The matrix we just created indicates which samples should be used to calculate the intercept (all samples) and then the effect of 10 min aeration (the t10 samples). With these objects we can now perform our differential expression analysis.
wulffenShort <- estimateDisp(wulffenShort, design)
fit <- glmFit(wulffenShort, design)
lrt <- glmLRT(fit)
topTags(lrt)
Coefficient: t10
genes logFC logCPM LR PValue FDR
1464 mqo 5.983158 8.274567 501.8363 3.788200e-111 1.636124e-107
411 cyoA 7.245625 9.872659 457.2736 1.884543e-101 4.069670e-98
2240 sodA 7.363860 9.419456 444.0240 1.441070e-98 2.074661e-95
1735 phoH 5.249415 6.500320 409.3635 5.042966e-91 5.445142e-88
413 cyoC 6.132766 8.098590 401.6896 2.361164e-89 2.039573e-86
415 cyoE 5.368196 8.313842 400.1644 5.071640e-89 3.650736e-86
1867 puuD 4.451530 6.908350 383.1221 2.601531e-85 1.605145e-82
674 fhuF 6.378675 7.996506 374.5202 1.940986e-83 1.047890e-80
1186 iscR 4.453203 9.513508 369.7437 2.128146e-82 1.021274e-79
227 betT 4.818173 8.357982 361.3547 1.427579e-80 6.165712e-78
What did we just do? The estimateDisp function is needed to estimate variance components robustly, glmFit fits the model we are after that essentially has one overall mean of expression and another mean for the t10 samples. glmLRT performes a log-likelihood ratio test against the null-hypothesis that t10 has the same average as all the samples together. Then with topTags we extract a table with the 10 most differentially expressed genes.
Write the expression estimates to a file
It is often useful to export the data for use in other programs and sharing with colleagues. Use the
write.tablefunction to export a comma separated file with the output oftopTagsfor all genes.
Extra challenge: identifier mappings
Use the
mergefunction and the mapping to bnumbers indata/ecoli.csvto also add a column with bnumbers as identifiers
Over-representation analysis of biological processes
We want to examine if the top differentially expressed genes have any particular biological processes in common. We will do this using the function goana from the limma package. The input to goana must be Entrez identifiers so we first need to map our gene symbols to Entrez. Bioconductor conveniently provides this mapping so all we need to do is to load the right annotation package and map our identifiers. We also define an object universe which holds all the genes which were present in our dataset, and which could be mapped to Entrez identifiers - that is simply all our mapped genes except the missing values (na = not available).
library(org.EcK12.eg.db)
symbol2entrez <- mapIds(org.EcK12.eg.db, rownames(lrt), "ENTREZID", keytype="SYMBOL")

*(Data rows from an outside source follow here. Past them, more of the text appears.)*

lemma insort_key_cong: "\<forall>y\<in>insert x (set ys). f y = g y \<Longrightarrow> insort_key f x ys = insort_key g x ys"
  by (induction ys) auto

lemma sort_key_cong: "\<forall>x\<in>set xs. f x = g x \<Longrightarrow> sort_key f xs = sort_key g xs"
  by (induction xs) (auto intro!: insort_key_cong)

lemma maj_step_cong:
  assumes "finite Bu" "\<forall>c\<in>Bu. lab c = lab' c"
  shows "maj_step n r Bu lab Bl = maj_step n r Bu lab' Bl"
proof -
  have "sort_key (\<lambda>c. (- lab c, c)) (sorted_list_of_set Bu) =
      sort_key (\<lambda>c. (- lab' c, c)) (sorted_list_of_set Bu)"
    using assms by (intro sort_key_cong) simp
  moreover have "fold (step_p n r lab) xs st = fold (step_p n r lab') xs st" if "set xs \<subseteq> Bu" for xs st
    using that assms(2) by (intro fold_cong) (auto simp: step_p_def Let_def fun_eq_iff)
  ultimately show ?thesis unfolding maj_step_def using assms(1) by simp
qed

definition majG_row_labels :: "nat \<Rightarrow> nat \<Rightarrow> nat set \<Rightarrow> (nat \<Rightarrow> int) \<Rightarrow> (nat \<Rightarrow> int) \<Rightarrow> bool" where
  "majG_row_labels n r B lab w \<longleftrightarrow>
     (\<forall>c\<in>B. w c = lab c \<and> int r \<le> lab c) \<and> (\<forall>c\<in>{1..n} - B. w c = int r - 1)"

lemma majG_order_split:
  assumes "B \<subseteq> {1..n}" "majG_row_labels n (Suc r) B lab w"
  shows "sort_key (\<lambda>c. (- w c, c)) [1..<Suc n] =
    sort_key (\<lambda>c. (- w c, c)) (sorted_list_of_set B) @
    sort_key (\<lambda>c. (- w c, c)) (sorted_list_of_set ({1..n} - B))"
proof -
  have "[1..<Suc n] = sorted_list_of_set (B \<union> ({1..n} - B))"
    using assms(1) by (metis Diff_partition atLeastLessThanSuc_atLeastAtMost sorted_list_of_set_range)
  moreover have "w a > w b" if "a \<in> B" "b \<in> {1..n} - B" for a b
    using assms(2) that unfolding majG_row_labels_def by force
  ultimately show ?thesis
    using finite_subset[OF assms(1)]
    by (simp only:) (rule sort_key_sorted_list_of_set_Un, auto intro: inj_onI)
qed

lemma maj_step_pairings:
  assumes Bu: "Bu \<subseteq> {1..n}" and Bl: "Bl \<subseteq> {1..n}" and "card Bu \<le> card Bl"
    and maj: "maj_step n ru Bu lab Bl = (lab', s)"
  obtains A L
  where "fold (step_p n ru lab) (sort_key (\<lambda>c. (- lab c, c)) (sorted_list_of_set Bu)) (Bl, \<lambda>_. 0, 0) =
      (A, L, s)"
    and "lab' = (\<lambda>c. if c \<in> A then int ru - 1 else L c)"
    and "A \<subseteq> Bl" "card A = card Bl - card Bu" "\<forall>c\<in>Bl - A. L c \<in> lab ` Bu"
proof -
  let ?U = "sort_key (\<lambda>c. (- lab c, c)) (sorted_list_of_set Bu)"
  have "finite Bu" "finite Bl" using Bu Bl finite_subset by auto
  obtain A L where fold: "fold (step_p n ru lab) ?U (Bl, \<lambda>_. 0, 0) = (A, L, s)"
    and "lab' = (\<lambda>c. if c \<in> A then int ru - 1 else L c)"
    using maj unfolding maj_step_def by (auto simp: Let_def split: prod.splits)
  moreover have "A \<subseteq> Bl \<and> card A = card Bl - card Bu \<and> (\<forall>c\<in>Bl - A. L c \<in> lab ` Bu)"
    using fold_pairing_step[OF \<open>finite Bl\<close> _ _ fold[unfolded step_p_eq_pairing_step]]
      cyc_right_mem Bl \<open>finite Bu\<close> \<open>card Bu \<le> card Bl\<close>
    by (auto dest: order_trans)
  ultimately show ?thesis using that by blast
qed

'select()' returned 1:many mapping between keys and columns
universe <- na.omit(symbol2entrez)
Then, we get a list of differentially expresssed genes, which we define as having a false discovery rate below 0.05.
fdr <- p.adjust(lrt$table[,"PValue"], "fdr")
allSymbols <- rownames(lrt$table)
deSymbols <- allSymbols[fdr < 0.05 & !is.na(symbol2entrez)]
deEntrez <- symbol2entrez[deSymbols]
We perform the GO over-representation analyis using goana. We define the species to enable goana figure out the mapping between Entrez identifiers go GO terms.
goTable <- goana(deEntrez, universe=universe, species="EcK12")
head(goTable[order(goTable$P.DE),])
Term Ont N DE
GO:0006091 generation of precursor metabolites and energy BP 196 140
GO:0015980 energy derivation by oxidation of organic compounds BP 185 133
GO:0045333 cellular respiration BP 168 121
GO:0055114 oxidation-reduction process BP 213 140
GO:0009061 anaerobic respiration BP 140 100
GO:0009060 aerobic respiration BP 65 55
P.DE
GO:0006091 2.367795e-45
GO:0015980 1.912235e-43
GO:0045333 2.009595e-39
GO:0055114 1.290043e-38
GO:0009061 8.139077e-32
GO:0009060 6.101281e-24
Key Points
Use vignettes to get introduced to a new package.
Gene expression analysis edgeR can be quite straight-forward.